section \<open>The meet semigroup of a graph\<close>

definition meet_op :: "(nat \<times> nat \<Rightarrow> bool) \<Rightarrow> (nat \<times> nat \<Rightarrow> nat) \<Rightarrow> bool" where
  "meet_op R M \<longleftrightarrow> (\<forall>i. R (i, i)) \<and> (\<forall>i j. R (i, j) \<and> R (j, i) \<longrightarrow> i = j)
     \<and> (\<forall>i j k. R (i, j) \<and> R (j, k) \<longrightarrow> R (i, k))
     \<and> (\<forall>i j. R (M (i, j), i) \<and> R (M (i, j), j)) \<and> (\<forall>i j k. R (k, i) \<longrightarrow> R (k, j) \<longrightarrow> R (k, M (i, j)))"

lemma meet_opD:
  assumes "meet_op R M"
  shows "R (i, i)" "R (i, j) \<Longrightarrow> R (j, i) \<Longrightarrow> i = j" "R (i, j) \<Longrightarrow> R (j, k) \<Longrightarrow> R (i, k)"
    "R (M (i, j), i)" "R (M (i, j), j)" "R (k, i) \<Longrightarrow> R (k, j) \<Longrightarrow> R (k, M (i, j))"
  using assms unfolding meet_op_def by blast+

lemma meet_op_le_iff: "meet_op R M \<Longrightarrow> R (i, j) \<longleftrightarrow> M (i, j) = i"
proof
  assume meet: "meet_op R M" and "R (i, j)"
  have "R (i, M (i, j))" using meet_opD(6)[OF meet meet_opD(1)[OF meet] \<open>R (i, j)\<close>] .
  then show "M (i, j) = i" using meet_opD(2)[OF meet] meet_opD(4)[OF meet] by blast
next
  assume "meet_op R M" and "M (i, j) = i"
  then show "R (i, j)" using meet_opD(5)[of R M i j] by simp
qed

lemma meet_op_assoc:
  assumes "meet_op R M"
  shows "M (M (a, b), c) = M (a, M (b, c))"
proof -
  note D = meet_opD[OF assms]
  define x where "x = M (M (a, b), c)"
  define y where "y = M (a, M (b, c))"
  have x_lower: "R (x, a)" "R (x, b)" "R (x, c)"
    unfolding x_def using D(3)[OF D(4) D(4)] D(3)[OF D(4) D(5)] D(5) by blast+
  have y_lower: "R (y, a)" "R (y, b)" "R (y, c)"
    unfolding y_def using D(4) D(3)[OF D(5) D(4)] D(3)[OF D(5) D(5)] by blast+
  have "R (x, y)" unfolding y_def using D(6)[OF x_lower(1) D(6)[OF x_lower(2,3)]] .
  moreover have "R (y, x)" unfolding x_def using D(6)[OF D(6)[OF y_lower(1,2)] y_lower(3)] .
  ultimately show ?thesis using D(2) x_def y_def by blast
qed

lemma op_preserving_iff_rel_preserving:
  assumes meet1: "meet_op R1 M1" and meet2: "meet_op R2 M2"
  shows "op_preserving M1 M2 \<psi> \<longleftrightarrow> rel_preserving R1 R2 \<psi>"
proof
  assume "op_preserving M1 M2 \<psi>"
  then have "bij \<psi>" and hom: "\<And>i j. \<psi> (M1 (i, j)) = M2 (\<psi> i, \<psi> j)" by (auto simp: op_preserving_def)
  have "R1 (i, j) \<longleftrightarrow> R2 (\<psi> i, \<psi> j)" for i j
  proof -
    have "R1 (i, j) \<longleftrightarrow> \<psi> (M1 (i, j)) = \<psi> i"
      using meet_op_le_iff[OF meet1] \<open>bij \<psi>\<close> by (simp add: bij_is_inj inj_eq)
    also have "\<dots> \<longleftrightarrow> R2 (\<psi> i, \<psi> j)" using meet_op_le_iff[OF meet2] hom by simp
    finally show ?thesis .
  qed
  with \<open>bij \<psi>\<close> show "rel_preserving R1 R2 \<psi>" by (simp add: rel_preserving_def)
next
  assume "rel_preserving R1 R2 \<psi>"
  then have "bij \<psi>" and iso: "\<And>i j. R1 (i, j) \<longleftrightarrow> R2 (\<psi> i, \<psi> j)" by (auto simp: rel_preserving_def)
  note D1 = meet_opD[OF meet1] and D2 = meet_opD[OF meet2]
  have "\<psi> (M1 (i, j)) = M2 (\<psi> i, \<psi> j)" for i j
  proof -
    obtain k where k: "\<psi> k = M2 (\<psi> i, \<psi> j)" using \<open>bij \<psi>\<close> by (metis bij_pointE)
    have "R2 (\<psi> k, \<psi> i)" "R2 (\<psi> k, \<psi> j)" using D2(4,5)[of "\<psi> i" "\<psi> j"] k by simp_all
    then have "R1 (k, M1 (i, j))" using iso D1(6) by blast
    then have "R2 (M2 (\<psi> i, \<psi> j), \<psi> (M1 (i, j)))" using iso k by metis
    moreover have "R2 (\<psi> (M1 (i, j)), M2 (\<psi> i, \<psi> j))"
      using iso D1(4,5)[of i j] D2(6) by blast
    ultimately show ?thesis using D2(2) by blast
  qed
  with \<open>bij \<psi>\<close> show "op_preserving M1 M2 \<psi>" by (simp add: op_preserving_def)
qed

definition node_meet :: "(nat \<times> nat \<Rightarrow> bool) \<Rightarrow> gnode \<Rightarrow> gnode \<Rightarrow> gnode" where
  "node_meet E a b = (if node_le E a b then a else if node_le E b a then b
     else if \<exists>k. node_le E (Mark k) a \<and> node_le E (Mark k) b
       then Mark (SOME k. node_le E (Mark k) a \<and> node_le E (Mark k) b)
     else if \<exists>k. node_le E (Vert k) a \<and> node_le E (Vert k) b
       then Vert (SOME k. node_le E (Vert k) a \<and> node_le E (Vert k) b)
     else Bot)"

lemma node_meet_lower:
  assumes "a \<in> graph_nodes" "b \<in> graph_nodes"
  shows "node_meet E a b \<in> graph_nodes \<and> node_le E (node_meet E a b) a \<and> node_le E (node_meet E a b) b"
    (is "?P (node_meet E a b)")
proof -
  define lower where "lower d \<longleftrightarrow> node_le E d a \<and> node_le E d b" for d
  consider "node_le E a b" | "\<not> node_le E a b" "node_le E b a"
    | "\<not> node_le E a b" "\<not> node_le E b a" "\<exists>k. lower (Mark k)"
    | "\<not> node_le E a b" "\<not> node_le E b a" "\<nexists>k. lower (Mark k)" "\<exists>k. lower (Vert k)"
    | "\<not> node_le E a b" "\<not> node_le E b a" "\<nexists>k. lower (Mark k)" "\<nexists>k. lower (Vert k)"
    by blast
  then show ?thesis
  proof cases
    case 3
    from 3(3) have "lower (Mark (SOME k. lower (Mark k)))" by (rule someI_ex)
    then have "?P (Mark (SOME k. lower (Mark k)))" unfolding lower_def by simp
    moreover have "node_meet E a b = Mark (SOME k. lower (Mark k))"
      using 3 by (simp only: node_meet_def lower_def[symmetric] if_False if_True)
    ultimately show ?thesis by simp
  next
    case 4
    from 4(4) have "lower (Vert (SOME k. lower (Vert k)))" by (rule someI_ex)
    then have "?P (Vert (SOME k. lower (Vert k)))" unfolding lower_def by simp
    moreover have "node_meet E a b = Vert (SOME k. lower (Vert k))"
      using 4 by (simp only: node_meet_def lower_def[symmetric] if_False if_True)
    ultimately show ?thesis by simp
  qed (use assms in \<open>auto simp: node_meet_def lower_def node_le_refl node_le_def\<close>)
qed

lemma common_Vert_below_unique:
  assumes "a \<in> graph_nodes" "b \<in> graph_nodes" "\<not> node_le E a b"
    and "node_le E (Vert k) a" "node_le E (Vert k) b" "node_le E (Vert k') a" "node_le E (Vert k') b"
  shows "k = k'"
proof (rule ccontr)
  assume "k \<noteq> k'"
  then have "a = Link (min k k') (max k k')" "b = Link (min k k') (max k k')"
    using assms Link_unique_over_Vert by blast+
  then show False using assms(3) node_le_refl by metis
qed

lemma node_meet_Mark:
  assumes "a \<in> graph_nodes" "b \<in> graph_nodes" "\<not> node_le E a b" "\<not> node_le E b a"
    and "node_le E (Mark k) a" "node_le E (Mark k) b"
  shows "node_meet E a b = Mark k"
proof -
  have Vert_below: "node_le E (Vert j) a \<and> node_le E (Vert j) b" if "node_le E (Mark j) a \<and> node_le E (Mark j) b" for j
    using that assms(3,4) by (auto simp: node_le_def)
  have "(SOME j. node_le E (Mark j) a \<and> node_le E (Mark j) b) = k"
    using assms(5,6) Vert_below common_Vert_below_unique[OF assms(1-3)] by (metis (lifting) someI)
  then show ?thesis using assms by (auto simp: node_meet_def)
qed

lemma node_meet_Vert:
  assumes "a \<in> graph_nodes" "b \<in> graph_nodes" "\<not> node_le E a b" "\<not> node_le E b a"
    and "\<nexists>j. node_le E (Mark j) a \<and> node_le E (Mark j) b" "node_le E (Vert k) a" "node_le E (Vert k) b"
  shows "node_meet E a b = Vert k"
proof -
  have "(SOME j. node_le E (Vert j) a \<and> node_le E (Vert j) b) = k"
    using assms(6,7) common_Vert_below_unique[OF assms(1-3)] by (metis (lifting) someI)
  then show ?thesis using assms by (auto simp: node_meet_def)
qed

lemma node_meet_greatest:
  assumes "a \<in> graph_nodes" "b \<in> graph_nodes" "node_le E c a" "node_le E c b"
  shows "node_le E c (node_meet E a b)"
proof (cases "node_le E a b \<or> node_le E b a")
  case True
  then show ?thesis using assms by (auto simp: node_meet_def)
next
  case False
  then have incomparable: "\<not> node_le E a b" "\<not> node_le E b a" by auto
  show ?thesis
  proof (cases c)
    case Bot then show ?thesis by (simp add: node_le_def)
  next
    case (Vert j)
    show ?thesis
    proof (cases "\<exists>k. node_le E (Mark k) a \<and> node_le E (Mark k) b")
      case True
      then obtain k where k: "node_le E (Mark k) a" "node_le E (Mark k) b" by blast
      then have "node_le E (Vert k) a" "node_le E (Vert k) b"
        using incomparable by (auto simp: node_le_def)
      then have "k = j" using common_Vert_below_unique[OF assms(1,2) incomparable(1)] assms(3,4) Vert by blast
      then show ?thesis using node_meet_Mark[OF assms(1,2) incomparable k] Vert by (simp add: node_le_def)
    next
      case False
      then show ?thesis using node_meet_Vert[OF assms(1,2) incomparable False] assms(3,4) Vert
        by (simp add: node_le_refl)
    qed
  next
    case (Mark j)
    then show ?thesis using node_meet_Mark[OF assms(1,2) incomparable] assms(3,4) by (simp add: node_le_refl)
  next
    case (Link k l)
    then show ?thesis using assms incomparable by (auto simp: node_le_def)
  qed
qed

= = =

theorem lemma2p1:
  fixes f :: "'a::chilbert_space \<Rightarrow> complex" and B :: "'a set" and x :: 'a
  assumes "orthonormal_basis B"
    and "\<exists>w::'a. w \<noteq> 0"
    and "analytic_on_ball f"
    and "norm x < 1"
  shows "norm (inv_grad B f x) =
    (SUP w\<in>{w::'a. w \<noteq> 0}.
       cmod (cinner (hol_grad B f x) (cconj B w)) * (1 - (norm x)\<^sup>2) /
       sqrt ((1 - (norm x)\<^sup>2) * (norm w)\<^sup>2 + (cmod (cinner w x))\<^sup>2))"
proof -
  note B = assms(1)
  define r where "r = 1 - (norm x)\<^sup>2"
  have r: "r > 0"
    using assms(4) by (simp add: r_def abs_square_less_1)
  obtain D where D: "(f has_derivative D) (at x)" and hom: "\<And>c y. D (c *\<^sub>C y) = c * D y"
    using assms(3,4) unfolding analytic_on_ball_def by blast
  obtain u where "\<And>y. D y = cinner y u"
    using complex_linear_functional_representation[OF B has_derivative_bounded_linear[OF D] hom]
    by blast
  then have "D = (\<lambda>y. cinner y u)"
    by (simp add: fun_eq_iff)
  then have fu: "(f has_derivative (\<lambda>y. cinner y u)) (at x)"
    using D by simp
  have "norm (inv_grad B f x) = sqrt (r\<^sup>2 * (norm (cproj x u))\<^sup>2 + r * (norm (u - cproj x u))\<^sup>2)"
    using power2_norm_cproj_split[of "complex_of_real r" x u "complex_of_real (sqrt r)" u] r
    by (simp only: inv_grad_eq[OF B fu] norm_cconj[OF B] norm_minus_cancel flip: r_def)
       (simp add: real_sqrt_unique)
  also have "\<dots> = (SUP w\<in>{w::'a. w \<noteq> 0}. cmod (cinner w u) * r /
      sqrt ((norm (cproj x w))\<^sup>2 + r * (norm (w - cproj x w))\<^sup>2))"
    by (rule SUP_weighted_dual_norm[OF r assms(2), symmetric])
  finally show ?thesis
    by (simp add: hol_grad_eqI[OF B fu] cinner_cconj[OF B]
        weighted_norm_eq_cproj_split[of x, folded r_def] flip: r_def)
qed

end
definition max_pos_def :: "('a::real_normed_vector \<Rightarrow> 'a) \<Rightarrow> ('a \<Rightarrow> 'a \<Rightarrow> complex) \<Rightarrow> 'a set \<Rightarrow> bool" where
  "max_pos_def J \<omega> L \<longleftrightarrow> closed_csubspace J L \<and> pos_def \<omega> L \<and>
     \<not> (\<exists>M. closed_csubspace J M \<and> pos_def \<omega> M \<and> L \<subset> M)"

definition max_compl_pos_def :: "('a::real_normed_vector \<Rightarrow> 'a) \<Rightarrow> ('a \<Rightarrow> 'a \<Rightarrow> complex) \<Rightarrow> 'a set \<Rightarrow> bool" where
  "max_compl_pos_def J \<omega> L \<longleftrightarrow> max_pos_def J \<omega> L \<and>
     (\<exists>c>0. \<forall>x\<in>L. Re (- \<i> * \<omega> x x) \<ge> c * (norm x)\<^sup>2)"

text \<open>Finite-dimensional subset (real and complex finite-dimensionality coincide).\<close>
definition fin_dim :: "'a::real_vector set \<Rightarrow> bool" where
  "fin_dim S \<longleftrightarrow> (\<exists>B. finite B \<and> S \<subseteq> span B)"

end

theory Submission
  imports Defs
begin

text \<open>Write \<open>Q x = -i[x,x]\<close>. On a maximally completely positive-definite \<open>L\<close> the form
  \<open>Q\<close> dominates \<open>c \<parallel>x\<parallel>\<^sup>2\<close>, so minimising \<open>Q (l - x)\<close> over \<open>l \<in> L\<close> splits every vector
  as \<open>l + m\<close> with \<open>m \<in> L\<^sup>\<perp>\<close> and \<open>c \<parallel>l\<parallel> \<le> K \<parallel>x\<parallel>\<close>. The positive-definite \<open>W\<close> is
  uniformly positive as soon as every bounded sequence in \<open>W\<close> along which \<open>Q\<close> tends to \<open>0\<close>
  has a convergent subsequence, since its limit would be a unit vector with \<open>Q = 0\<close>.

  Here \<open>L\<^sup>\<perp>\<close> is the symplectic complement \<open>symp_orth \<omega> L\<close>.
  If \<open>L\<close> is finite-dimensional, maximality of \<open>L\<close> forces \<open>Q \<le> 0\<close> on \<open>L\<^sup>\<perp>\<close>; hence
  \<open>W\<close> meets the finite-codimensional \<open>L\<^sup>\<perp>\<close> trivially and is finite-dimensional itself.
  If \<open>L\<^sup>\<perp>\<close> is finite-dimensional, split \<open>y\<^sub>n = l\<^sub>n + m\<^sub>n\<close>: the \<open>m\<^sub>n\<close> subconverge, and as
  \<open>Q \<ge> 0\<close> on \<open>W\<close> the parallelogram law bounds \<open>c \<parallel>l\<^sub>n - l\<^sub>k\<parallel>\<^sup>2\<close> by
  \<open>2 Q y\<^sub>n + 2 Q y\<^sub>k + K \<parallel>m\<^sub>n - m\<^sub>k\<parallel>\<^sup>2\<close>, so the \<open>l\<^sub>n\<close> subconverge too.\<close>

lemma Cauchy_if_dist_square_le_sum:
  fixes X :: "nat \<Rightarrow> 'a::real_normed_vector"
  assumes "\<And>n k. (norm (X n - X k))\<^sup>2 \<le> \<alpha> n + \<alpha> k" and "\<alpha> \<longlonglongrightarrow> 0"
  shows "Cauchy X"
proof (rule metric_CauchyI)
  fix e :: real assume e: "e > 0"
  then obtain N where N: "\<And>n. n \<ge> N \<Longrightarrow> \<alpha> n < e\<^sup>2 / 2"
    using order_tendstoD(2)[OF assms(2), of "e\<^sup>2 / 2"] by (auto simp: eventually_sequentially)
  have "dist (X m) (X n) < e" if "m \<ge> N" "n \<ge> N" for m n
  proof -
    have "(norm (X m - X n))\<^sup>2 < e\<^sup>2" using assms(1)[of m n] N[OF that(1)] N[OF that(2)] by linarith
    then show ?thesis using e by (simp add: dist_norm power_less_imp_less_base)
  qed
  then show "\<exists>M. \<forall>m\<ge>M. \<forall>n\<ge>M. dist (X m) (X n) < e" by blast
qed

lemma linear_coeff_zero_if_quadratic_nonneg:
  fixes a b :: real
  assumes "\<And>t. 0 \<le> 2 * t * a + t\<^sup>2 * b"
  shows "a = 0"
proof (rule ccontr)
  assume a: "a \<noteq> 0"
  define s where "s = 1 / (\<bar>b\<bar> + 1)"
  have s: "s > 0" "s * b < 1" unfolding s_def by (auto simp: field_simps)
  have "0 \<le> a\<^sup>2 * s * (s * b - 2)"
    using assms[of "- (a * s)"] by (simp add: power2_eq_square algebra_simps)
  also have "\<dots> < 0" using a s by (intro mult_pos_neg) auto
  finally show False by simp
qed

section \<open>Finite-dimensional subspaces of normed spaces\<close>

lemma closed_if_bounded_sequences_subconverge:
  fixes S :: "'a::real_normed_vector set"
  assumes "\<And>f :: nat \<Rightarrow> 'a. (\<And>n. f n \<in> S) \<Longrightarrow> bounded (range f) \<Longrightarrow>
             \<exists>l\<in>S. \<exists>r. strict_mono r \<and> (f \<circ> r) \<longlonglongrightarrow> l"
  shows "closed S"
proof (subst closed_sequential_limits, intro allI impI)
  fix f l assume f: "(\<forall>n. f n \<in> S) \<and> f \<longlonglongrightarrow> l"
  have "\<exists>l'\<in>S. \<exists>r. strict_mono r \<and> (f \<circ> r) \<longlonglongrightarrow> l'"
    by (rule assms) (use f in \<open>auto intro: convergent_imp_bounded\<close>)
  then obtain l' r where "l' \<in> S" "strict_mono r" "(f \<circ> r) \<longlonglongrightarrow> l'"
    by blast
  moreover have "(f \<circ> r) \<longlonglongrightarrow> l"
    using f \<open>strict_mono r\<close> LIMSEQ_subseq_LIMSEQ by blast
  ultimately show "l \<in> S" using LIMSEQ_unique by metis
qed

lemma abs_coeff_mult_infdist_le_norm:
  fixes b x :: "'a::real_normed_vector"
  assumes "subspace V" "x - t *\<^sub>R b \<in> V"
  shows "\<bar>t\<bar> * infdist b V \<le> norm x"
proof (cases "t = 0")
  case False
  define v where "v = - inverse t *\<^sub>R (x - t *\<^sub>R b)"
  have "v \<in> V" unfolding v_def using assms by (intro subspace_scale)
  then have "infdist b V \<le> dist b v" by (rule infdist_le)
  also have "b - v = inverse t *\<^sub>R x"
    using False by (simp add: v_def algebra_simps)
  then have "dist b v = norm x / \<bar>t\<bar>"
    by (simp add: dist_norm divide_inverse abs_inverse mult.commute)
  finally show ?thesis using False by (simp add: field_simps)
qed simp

= = =

WHAT YOU NEED TO DO -> Look through the material and copy each line that has "intro".

ANSWER FOR THE TASK ->
  also have "\<dots> < 0" using a s by (intro mult_pos_neg) auto
proof (subst closed_sequential_limits, intro allI impI)
    by (rule assms) (use f in \<open>auto intro: convergent_imp_bounded\<close>)
  have "v \<in> V" unfolding v_def using assms by (intro subspace_scale)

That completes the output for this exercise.